**THE TASK**
Taking the data below line by line, count those that include the word "epimorphism" and report the number alone.
- - -
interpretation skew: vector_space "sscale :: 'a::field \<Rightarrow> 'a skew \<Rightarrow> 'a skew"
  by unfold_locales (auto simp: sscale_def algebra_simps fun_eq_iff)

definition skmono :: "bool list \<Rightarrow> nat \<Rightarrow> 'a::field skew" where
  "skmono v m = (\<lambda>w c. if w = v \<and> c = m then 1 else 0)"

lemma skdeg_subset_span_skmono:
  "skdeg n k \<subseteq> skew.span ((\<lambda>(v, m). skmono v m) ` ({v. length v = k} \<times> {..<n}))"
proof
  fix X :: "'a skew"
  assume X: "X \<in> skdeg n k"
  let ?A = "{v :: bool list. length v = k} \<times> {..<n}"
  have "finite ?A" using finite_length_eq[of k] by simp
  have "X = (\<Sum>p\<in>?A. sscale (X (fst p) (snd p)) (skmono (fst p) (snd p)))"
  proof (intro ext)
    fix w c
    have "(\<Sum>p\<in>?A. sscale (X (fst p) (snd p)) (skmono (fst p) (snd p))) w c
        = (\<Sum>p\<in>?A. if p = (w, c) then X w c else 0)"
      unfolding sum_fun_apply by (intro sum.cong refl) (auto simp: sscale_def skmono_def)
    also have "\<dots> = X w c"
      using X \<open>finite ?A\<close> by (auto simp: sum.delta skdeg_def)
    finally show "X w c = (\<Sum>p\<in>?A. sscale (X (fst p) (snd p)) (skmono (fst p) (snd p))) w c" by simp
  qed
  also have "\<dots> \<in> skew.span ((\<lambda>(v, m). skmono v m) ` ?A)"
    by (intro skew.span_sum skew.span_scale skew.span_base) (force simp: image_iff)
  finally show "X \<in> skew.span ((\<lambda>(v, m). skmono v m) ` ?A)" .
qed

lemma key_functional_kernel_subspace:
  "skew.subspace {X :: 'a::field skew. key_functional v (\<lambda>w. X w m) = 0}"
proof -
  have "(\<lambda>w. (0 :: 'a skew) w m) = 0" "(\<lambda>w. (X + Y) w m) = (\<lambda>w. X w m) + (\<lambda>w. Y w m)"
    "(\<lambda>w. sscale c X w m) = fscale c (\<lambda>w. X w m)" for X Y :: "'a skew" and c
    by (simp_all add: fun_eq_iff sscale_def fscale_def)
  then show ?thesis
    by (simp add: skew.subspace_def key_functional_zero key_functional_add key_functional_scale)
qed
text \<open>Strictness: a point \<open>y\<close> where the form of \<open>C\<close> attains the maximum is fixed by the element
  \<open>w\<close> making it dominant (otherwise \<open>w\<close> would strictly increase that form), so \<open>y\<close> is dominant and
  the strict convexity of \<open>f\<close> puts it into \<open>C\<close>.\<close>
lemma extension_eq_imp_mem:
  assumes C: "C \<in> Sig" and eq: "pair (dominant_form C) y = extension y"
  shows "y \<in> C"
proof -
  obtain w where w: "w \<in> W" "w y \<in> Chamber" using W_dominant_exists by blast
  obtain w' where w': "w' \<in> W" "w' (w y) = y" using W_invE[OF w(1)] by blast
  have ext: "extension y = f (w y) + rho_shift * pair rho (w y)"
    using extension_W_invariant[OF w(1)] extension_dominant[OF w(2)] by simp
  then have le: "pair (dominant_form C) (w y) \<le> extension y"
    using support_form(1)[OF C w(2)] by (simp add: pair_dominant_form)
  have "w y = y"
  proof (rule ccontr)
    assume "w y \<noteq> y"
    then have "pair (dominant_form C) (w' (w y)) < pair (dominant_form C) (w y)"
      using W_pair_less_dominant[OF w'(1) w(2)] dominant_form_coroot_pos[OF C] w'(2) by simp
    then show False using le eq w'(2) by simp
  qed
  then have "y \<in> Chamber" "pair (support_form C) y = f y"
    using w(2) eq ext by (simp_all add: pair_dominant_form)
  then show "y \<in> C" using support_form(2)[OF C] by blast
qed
- - -
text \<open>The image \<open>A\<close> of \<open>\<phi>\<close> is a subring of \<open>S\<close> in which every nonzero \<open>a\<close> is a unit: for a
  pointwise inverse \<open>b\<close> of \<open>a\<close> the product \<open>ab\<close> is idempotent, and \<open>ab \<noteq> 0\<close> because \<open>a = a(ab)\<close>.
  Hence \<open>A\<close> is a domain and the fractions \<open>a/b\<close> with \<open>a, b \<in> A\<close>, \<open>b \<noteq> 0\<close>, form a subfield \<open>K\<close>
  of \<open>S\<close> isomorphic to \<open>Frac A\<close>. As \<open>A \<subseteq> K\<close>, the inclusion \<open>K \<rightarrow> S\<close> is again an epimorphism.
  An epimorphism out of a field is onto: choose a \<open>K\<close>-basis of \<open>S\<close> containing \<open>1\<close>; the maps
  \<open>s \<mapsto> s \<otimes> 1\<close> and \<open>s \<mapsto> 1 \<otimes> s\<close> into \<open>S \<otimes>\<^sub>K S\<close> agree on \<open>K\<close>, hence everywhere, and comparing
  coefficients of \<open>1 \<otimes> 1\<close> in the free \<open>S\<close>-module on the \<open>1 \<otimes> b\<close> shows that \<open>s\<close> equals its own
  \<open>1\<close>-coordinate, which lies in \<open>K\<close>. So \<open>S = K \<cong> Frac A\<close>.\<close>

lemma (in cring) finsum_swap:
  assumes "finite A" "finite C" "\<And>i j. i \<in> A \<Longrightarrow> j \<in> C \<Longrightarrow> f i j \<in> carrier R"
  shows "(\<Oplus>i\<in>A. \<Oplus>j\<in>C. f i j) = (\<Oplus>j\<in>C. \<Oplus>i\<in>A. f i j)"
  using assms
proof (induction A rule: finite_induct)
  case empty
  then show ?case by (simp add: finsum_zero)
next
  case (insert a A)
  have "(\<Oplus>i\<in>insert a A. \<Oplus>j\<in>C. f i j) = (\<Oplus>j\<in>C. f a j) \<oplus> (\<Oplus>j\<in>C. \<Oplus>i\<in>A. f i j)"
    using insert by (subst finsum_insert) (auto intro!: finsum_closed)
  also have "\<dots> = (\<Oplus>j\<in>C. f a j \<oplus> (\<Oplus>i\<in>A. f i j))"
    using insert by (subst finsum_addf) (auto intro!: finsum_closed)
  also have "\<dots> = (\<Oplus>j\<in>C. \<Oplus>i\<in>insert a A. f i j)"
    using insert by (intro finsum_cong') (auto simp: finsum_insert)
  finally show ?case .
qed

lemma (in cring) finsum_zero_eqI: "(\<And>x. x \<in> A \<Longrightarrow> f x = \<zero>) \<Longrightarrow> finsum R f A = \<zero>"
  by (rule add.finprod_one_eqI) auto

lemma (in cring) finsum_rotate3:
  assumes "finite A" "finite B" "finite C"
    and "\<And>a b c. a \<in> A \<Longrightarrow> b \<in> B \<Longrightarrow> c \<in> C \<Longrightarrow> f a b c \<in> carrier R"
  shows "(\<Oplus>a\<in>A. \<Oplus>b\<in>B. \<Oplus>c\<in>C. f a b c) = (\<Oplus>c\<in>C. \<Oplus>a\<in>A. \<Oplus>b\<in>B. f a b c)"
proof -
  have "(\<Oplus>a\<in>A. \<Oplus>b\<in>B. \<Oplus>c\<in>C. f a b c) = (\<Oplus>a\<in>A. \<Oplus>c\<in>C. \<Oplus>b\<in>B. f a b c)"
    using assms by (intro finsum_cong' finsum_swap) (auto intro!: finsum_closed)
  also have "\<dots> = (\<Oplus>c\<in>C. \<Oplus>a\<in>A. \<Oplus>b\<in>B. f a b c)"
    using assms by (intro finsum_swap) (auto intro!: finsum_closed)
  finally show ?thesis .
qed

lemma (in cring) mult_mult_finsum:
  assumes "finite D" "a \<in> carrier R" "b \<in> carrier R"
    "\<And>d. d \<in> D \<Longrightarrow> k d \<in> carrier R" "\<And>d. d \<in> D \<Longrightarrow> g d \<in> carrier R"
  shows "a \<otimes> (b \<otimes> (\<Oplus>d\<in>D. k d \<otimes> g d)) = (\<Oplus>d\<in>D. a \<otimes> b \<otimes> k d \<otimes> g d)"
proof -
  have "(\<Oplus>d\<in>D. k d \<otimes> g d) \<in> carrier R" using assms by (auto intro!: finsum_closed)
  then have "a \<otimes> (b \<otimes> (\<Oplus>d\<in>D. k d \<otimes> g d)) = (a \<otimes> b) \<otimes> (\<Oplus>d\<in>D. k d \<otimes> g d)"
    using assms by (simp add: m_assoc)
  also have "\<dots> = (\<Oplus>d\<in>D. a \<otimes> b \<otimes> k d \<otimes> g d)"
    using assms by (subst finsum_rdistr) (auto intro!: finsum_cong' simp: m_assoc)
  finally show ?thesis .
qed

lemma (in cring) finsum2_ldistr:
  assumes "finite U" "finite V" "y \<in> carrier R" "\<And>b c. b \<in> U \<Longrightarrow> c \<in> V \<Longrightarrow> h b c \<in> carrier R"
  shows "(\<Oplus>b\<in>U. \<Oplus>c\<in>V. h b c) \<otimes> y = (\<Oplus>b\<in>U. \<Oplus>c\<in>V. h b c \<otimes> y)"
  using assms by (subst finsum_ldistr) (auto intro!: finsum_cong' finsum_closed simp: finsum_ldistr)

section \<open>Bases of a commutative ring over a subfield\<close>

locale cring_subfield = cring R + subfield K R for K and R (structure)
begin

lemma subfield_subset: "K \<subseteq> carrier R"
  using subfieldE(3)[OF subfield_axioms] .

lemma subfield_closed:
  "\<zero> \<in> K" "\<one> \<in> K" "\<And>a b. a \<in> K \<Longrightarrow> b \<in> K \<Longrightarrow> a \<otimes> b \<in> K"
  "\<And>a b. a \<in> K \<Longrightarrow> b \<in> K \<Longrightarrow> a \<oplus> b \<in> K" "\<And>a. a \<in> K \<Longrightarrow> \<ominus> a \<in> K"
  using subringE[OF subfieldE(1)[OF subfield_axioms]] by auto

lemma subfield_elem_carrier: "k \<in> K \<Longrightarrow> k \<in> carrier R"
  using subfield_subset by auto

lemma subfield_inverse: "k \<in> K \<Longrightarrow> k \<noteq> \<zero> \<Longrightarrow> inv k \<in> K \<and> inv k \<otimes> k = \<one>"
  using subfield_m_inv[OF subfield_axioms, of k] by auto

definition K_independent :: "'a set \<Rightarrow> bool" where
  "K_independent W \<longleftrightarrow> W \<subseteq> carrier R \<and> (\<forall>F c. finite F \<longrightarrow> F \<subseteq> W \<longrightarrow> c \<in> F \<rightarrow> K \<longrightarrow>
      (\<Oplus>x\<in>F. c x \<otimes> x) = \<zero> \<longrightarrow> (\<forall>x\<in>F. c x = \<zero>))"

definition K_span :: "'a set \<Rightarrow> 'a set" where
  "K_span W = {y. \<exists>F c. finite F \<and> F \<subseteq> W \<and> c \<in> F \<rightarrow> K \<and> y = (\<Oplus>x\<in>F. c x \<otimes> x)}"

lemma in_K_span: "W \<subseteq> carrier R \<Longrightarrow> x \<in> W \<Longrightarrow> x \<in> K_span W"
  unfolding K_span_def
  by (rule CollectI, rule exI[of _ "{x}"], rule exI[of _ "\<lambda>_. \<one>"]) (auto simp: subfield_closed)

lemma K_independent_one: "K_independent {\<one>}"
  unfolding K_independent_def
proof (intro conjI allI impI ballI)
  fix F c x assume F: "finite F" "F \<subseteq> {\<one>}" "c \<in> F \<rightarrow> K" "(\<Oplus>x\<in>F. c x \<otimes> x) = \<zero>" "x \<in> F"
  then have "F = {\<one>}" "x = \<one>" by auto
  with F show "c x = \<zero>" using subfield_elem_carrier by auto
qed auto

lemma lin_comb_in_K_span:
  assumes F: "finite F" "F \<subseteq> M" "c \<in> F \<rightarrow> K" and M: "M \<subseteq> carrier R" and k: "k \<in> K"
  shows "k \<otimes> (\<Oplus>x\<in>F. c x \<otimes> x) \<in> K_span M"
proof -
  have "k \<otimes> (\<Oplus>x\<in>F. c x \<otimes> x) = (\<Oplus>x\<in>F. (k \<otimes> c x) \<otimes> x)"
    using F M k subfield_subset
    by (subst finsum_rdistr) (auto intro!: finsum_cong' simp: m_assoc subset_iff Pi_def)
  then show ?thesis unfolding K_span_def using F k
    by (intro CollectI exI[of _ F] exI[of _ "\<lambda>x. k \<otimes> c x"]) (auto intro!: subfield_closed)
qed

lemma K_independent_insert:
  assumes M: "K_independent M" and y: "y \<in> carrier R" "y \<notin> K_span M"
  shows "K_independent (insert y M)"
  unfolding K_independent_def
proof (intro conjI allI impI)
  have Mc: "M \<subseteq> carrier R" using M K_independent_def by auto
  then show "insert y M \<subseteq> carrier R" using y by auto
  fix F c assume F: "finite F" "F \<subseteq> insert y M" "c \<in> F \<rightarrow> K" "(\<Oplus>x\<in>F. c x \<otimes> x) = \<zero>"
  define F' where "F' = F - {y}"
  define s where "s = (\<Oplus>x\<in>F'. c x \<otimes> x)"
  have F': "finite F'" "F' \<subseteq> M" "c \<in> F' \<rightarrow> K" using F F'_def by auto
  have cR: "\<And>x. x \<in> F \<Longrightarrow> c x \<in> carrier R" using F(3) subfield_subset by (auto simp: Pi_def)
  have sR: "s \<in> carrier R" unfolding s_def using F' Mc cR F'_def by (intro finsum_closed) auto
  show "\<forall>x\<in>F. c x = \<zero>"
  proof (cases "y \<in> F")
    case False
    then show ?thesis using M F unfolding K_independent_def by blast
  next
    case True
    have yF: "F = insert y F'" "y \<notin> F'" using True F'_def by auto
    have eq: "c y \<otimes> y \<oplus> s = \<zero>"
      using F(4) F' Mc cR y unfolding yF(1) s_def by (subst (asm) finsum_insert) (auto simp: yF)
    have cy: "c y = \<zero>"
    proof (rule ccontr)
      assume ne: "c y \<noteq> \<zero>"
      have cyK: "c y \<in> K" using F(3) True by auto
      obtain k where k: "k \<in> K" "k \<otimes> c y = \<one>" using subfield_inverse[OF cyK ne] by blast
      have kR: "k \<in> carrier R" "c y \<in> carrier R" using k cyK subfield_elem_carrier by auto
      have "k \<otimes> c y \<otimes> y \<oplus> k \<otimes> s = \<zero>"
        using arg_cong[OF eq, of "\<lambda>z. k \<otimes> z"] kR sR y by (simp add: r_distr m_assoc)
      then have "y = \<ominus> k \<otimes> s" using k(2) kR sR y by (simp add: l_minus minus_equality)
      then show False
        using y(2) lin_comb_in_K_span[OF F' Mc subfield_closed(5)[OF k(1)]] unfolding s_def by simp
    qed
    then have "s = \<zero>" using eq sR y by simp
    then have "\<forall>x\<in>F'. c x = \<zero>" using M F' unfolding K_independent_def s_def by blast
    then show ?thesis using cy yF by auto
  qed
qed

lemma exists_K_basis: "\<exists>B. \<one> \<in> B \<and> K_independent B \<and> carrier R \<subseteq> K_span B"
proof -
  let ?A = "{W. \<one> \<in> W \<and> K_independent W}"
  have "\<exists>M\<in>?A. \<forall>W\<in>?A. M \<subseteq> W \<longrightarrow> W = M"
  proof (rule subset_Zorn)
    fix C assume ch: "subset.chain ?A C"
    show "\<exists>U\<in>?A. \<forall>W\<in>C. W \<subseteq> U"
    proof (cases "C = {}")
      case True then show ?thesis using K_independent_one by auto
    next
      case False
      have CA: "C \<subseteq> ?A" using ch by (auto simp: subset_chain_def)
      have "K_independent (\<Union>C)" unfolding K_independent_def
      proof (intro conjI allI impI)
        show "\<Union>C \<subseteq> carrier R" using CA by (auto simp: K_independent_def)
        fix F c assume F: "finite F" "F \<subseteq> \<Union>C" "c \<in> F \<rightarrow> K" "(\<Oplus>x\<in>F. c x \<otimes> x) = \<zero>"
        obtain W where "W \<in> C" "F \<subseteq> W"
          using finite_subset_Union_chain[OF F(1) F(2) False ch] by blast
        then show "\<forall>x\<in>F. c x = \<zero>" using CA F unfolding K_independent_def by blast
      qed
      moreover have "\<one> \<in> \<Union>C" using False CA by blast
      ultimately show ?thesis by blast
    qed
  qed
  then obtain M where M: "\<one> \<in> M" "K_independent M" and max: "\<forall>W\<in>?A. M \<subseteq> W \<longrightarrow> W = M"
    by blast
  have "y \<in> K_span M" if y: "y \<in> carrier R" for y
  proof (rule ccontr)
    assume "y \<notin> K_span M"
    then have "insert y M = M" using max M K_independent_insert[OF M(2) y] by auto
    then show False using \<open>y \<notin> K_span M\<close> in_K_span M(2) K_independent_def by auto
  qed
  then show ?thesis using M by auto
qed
- - -
**ANSWER BOX**
2